Budget 2021 will invest in women’s economic recovery

News release

April 27, 2021 - Ottawa, Ontario - Department of Finance Canada

While COVID-19 has affected all Canadians, women have been disproportionately affected. In the labour market, women were hit earlier and harder, and their jobs continue to recover more slowly. Long-standing gender inequities have only been amplified over the course of the pandemic—and it has put decades of hard-fought gains for women in the workplace at risk. Today, more than 16,000 women have dropped out of the labour force completely, while the number of men in the labour force has grown by 91,000.

Budget 2021 lays out an expansive jobs and growth plan that seeks to address the unequal impact of the COVID-19 recession on women and build a recovery that gives all women in Canada the opportunity to fully participate in our economy.

The government is making a transformational investment of almost $30 billion to build a Canada-wide early learning and child care system that will make high quality child care affordable for all parents. This will help increase parents’ participation in the workforce, particularly for mothers; create jobs for child care workers, over 95 per cent of whom are women; and give every child in Canada the best start in life.
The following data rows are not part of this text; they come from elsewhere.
lemma well_separated_of_quadratic_growth:
  assumes "0 < a" "\<And>\<omega>. \<omega> \<in> M \<Longrightarrow> F \<nu> + a * (dist \<nu> \<omega>)^2 \<le> F \<omega>" "0 < \<epsilon>"
  shows "ereal (F \<nu>) < (INF \<omega>\<in>{\<omega>\<in>M. \<epsilon> < dist \<nu> \<omega>}. ereal (F \<omega>))"
proof -
  have "ereal (F \<nu> + a * \<epsilon>^2) \<le> (INF \<omega>\<in>{\<omega>\<in>M. \<epsilon> < dist \<nu> \<omega>}. ereal (F \<omega>))"
  proof (rule INF_greatest)
    fix \<omega> assume "\<omega> \<in> {\<omega>\<in>M. \<epsilon> < dist \<nu> \<omega>}"
    then have "\<omega> \<in> M" "a * \<epsilon>^2 \<le> a * (dist \<nu> \<omega>)^2"
      using assms(1,3) by (auto intro!: mult_left_mono power_mono)
    then show "ereal (F \<nu> + a * \<epsilon>^2) \<le> ereal (F \<omega>)"
      using assms(2)[of \<omega>] by simp
  qed
  moreover have "ereal (F \<nu>) < ereal (F \<nu> + a * \<epsilon>^2)"
    using assms by simp
  ultimately show ?thesis
    by order
qed

lemma expected_sq_dist_decomp:
  fixes Y :: "'b \<Rightarrow> 'a::euclidean_space"
  assumes "prob_space P" "Y \<in> borel_measurable P" "\<And>x. x \<in> space P \<Longrightarrow> norm (Y x) \<le> B"
  defines "\<mu> \<equiv> \<integral>x. Y x \<partial>P"
  shows "(\<integral>x. (dist (Y x) \<omega>)^2 \<partial>P) = (\<integral>x. (dist (Y x) \<mu>)^2 \<partial>P) + (dist \<mu> \<omega>)^2"
proof -
  interpret prob_space P
    by (fact assms(1))
  have Y: "integrable P Y"
    using assms(2,3) by (intro integrable_const_bound[where B = B]) auto
  have sq: "integrable P (\<lambda>x. (dist (Y x) \<mu>)^2)"
  proof (rule integrable_const_bound[where B = "(B + norm \<mu>)^2"])
    show "AE x in P. norm ((dist (Y x) \<mu>)^2) \<le> (B + norm \<mu>)^2"
    proof (rule AE_I2)
      fix x assume "x \<in> space P"
      then have "dist (Y x) \<mu> \<le> B + norm \<mu>"
        using assms(3)[of x] norm_triangle_ineq4[of "Y x" \<mu>] by (simp add: dist_norm)
      then show "norm ((dist (Y x) \<mu>)^2) \<le> (B + norm \<mu>)^2"
        by (simp add: power_mono)
    qed
  qed (use assms(2) in measurable)
  have centred: "(\<integral>x. (Y x - \<mu>) \<bullet> (\<mu> - \<omega>) \<partial>P) = 0"
    using Y by (simp add: \<mu>_def prob_space)
  have "(\<integral>x. (dist (Y x) \<omega>)^2 \<partial>P)
      = (\<integral>x. (dist (Y x) \<mu>)^2 + 2 * ((Y x - \<mu>) \<bullet> (\<mu> - \<omega>)) + (dist \<mu> \<omega>)^2 \<partial>P)"
    by (intro Bochner_Integration.integral_cong refl dist_sq_expand)
  also have "\<dots> = (\<integral>x. (dist (Y x) \<mu>)^2 \<partial>P) + 2 * (\<integral>x. (Y x - \<mu>) \<bullet> (\<mu> - \<omega>) \<partial>P)
      + (dist \<mu> \<omega>)^2"
    using sq Y by (simp add: prob_space)
  finally show ?thesis
    unfolding centred by simp
qed

lemma sum_sq_dist_decomp:
  fixes y :: "nat \<Rightarrow> 'a::real_inner"
  assumes "0 < n"
  defines "m \<equiv> (1 / real n) *\<^sub>R (\<Sum>i<n. y i)"
  shows "(\<Sum>i<n. (dist (y i) \<omega>)^2) = (\<Sum>i<n. (dist (y i) m)^2) + real n * (dist m \<omega>)^2"
proof -
  have centred: "(\<Sum>i<n. y i - m) = 0"
    using assms by (simp add: sum_subtractf m_def sum_constant_scaleR)
  have "(\<Sum>i<n. (dist (y i) \<omega>)^2) = (\<Sum>i<n. (dist (y i) m)^2 + 2 * ((y i - m) \<bullet> (m - \<omega>)) + (dist m \<omega>)^2)"
    by (intro sum.cong refl dist_sq_expand)
  also have "\<dots> = (\<Sum>i<n. (dist (y i) m)^2) + 2 * ((\<Sum>i<n. y i - m) \<bullet> (m - \<omega>)) + real n * (dist m \<omega>)^2"
    by (simp add: sum.distrib sum_distrib_left inner_sum_left)
  finally show ?thesis
    unfolding centred by simp
qed

lemma frechet_mean_quadratic_growth:
  fixes M :: "'a::euclidean_space set" and Y :: "'b \<Rightarrow> 'a"
  assumes "compact M" "convex M" "M \<noteq> {}"
    and "prob_space P" "Y \<in> borel_measurable P" "\<And>x. x \<in> space P \<Longrightarrow> Y x \<in> M"
  obtains \<nu> where "\<nu> \<in> M"
    "\<And>\<omega>. \<omega> \<in> M \<Longrightarrow> (\<integral>x. (dist (Y x) \<nu>)^2 \<partial>P) + (dist \<nu> \<omega>)^2 \<le> (\<integral>x. (dist (Y x) \<omega>)^2 \<partial>P)"
proof -
  obtain B where "\<And>z. z \<in> M \<Longrightarrow> norm z \<le> B"
    using compact_imp_bounded[OF assms(1)] unfolding bounded_iff by metis
  then have bound: "\<And>x. x \<in> space P \<Longrightarrow> norm (Y x) \<le> B"
    using assms(6) by blast
  define \<mu> where "\<mu> = (\<integral>x. Y x \<partial>P)"
  define F where "F \<omega> = (\<integral>x. (dist (Y x) \<omega>)^2 \<partial>P)" for \<omega>
  have "closed M"
    using assms(1) by (rule compact_imp_closed)
  have decomp: "F \<omega> = F \<mu> + 1 * (dist \<mu> \<omega>)^2" for \<omega>
    unfolding F_def \<mu>_def using expected_sq_dist_decomp[OF assms(4,5) bound, of \<omega>] by simp
  have "F (closest_point M \<mu>) + 1 * (dist (closest_point M \<mu>) \<omega>)^2 \<le> F \<omega>" if "\<omega> \<in> M" for \<omega>
    by (rule quadratic_growth_at_closest_point[OF assms(2) \<open>closed M\<close> that _ decomp]) simp
  moreover have "closest_point M \<mu> \<in> M"
    using \<open>closed M\<close> assms(3) by (rule closest_point_in_set)
  ultimately show ?thesis
    using that unfolding F_def by simp
qed

lemma empirical_frechet_mean_unique:
  fixes M :: "'a::euclidean_space set" and y :: "nat \<Rightarrow> 'a"
  assumes "closed M" "convex M" "M \<noteq> {}" "0 < n"
  shows "\<exists>!\<omega>. \<omega> \<in> M \<and> (\<forall>\<zeta>\<in>M. (\<Sum>i<n. (dist (y i) \<omega>)^2) \<le> (\<Sum>i<n. (dist (y i) \<zeta>)^2))"
proof -
  define F where "F \<omega> = (\<Sum>i<n. (dist (y i) \<omega>)^2)" for \<omega>
  define m where "m = (1 / real n) *\<^sub>R (\<Sum>i<n. y i)"
  define \<nu> where "\<nu> = closest_point M m"
  have "\<nu> \<in> M"
    unfolding \<nu>_def using assms(1,3) by (rule closest_point_in_set)
  have decomp: "F \<omega> = F m + real n * (dist m \<omega>)^2" for \<omega>
    unfolding F_def m_def by (rule sum_sq_dist_decomp[OF assms(4)])
  have growth: "F \<nu> + real n * (dist \<nu> \<omega>)^2 \<le> F \<omega>" if "\<omega> \<in> M" for \<omega>
    unfolding \<nu>_def by (rule quadratic_growth_at_closest_point[OF assms(2,1) that _ decomp]) simp
  show ?thesis
  proof (rule ex1I[of _ \<nu>])
    have "F \<nu> \<le> F \<omega>" if "\<omega> \<in> M" for \<omega>
    proof -
      have "0 \<le> real n * (dist \<nu> \<omega>)^2"
        by simp
      with growth[OF that] show ?thesis
        by linarith
    qed
    with \<open>\<nu> \<in> M\<close> show "\<nu> \<in> M \<and> (\<forall>\<zeta>\<in>M. (\<Sum>i<n. (dist (y i) \<nu>)^2) \<le> (\<Sum>i<n. (dist (y i) \<zeta>)^2))"
      unfolding F_def by blast
  next
    fix \<omega> assume "\<omega> \<in> M \<and> (\<forall>\<zeta>\<in>M. (\<Sum>i<n. (dist (y i) \<omega>)^2) \<le> (\<Sum>i<n. (dist (y i) \<zeta>)^2))"
    then show "\<omega> = \<nu>"
      using unique_minimizer_of_quadratic_growth[of "real n" M F \<nu> \<omega>] growth \<open>\<nu> \<in> M\<close> assms(4)
      unfolding F_def by simp
  qed
qed

section \<open>Covering numbers and the entropy integral\<close>

lemma grid_cover:
  fixes S :: "(real^'n^'m) set"
  assumes "S \<subseteq> ball \<nu> \<delta>" "0 < \<delta>" "0 < r"
  defines "D \<equiv> CARD('m) * CARD('n)"
  obtains C where "finite C" "C \<subseteq> S" "S \<subseteq> (\<Union>c\<in>C. cball c r)"
    "card C \<le> (2 * nat \<lceil>\<delta> * sqrt D / r\<rceil> + 1) ^ D"
proof -
  define h where "h = r / sqrt D"
  have "0 < D"
    by (simp add: D_def)
  then have "0 < h" and \<delta>_over_h: "\<delta> / h = \<delta> * sqrt D / r"
    using assms(3) by (simp_all add: h_def)
  define L where "L = \<lceil>\<delta> / h\<rceil>"
  \<comment> \<open>Cubes of side \<open>h\<close> have Frobenius diameter at most \<open>r\<close>; keep one point of \<open>S\<close> per occupied cube.\<close>
  define cell :: "real^'n^'m \<Rightarrow> 'm \<times> 'n \<Rightarrow> int"
    where "cell \<omega> = (\<lambda>(i, j). \<lfloor>(\<omega>$i$j - \<nu>$i$j) / h\<rfloor>)" for \<omega>
  define Box where "Box = PiE (UNIV :: ('m \<times> 'n) set) (\<lambda>_. {-L..L})"
  define C where "C = inv_into S cell ` cell ` S"
  have "cell ` S \<subseteq> Box"
  proof clarify
    fix \<omega> assume "\<omega> \<in> S"
    have "cell \<omega> (i, j) \<in> {-L..L}" for i j
    proof -
      have "\<bar>(\<omega> - \<nu>)$i$j\<bar> \<le> norm (\<omega> - \<nu>)"
        by (rule order_trans[OF component_le_norm_cart Finite_Cartesian_Product.norm_nth_le])
      also have "\<dots> < \<delta>"
        using \<open>\<omega> \<in> S\<close> assms(1) by (auto simp: dist_norm norm_minus_commute)
      finally have "\<bar>(\<omega>$i$j - \<nu>$i$j) / h\<bar> < \<delta> / h"
        using \<open>0 < h\<close> by (simp add: abs_div divide_strict_right_mono)
      moreover have "\<delta> / h \<le> L"
        unfolding L_def by simp
      ultimately have "- L < (\<omega>$i$j - \<nu>$i$j) / h" "(\<omega>$i$j - \<nu>$i$j) / h < L"
        by linarith+
      then show ?thesis
        by (simp add: cell_def le_floor_iff floor_le_iff)
    qed
    then show "cell \<omega> \<in> Box"
      unfolding Box_def by auto
  qed
  moreover have "finite Box"
    unfolding Box_def by (intro finite_PiE) auto
  ultimately have "finite C" "card C \<le> card Box"
    unfolding C_def by (auto intro: finite_subset card_image_le[THEN order_trans] card_mono)
  moreover have "C \<subseteq> S"
    unfolding C_def by (auto intro: inv_into_into)
  moreover have "S \<subseteq> (\<Union>c\<in>C. cball c r)"
  proof
    fix \<omega> assume "\<omega> \<in> S"
    define p where "p = inv_into S cell (cell \<omega>)"
    have "cell p = cell \<omega>"
      unfolding p_def using \<open>\<omega> \<in> S\<close> by (simp add: f_inv_into_f)
    have "\<bar>p$i$j - \<omega>$i$j\<bar> < h" for i j
    proof -
      have "\<lfloor>(p$i$j - \<nu>$i$j) / h\<rfloor> = \<lfloor>(\<omega>$i$j - \<nu>$i$j) / h\<rfloor>"
        using fun_cong[OF \<open>cell p = cell \<omega>\<close>, of "(i, j)"] by (simp add: cell_def)
      then have "\<bar>(p$i$j - \<nu>$i$j) / h - (\<omega>$i$j - \<nu>$i$j) / h\<bar> < 1"
        by linarith
      then show ?thesis
        using \<open>0 < h\<close> by (simp add: diff_divide_distrib[symmetric] abs_div)
    qed
    then have "(p$i$j - \<omega>$i$j)^2 \<le> h^2" for i j
      by (metis abs_le_square_iff abs_of_pos \<open>0 < h\<close> less_imp_le)
    then have "dist p \<omega> \<le> sqrt (\<Sum>i\<in>(UNIV::'m set). \<Sum>j\<in>(UNIV::'n set). h^2)"
      unfolding dist_matrix
      by (intro real_sqrt_le_mono sum_mono)
    also have "\<dots> = r"
      using \<open>0 < D\<close> assms(3) by (simp add: h_def D_def power_divide)
    finally show "\<omega> \<in> (\<Union>c\<in>C. cball c r)"
      using \<open>\<omega> \<in> S\<close> unfolding C_def p_def by auto
  qed
  moreover have "card Box = (2 * nat L + 1) ^ D"
  proof -
    have "0 < \<delta> / h"
      using \<open>0 < h\<close> assms(2) by simp
    then have "0 \<le> L"
      unfolding L_def by linarith
    then show ?thesis
      by (simp add: Box_def card_PiE D_def nat_add_distrib nat_mult_distrib flip: UNIV_Times_UNIV)
  qed
  ultimately show ?thesis
    using that[of C] \<delta>_over_h by (simp add: L_def)
qed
An inclusive recovery is a feminist recovery. Budget 2021 includes support for women across the economy, including women entrepreneurs, women who work in low-wage jobs, women in skilled trades, and women in the financial sector. Budget 2021 is a plan to build a recovery that is inclusive and addresses systemic issues so that Canada’s future economy is stronger and more resilient.

Quotes

“COVID-19 has brutally exposed something women have long known: without child care, parents—usually mothers—can’t work. The closing of our schools and daycares drove women’s participation in the labour force down to its lowest level in more than two decades. Early learning and child care has long been a feminist issue; COVID has shown us that it is an urgent economic issue, too.”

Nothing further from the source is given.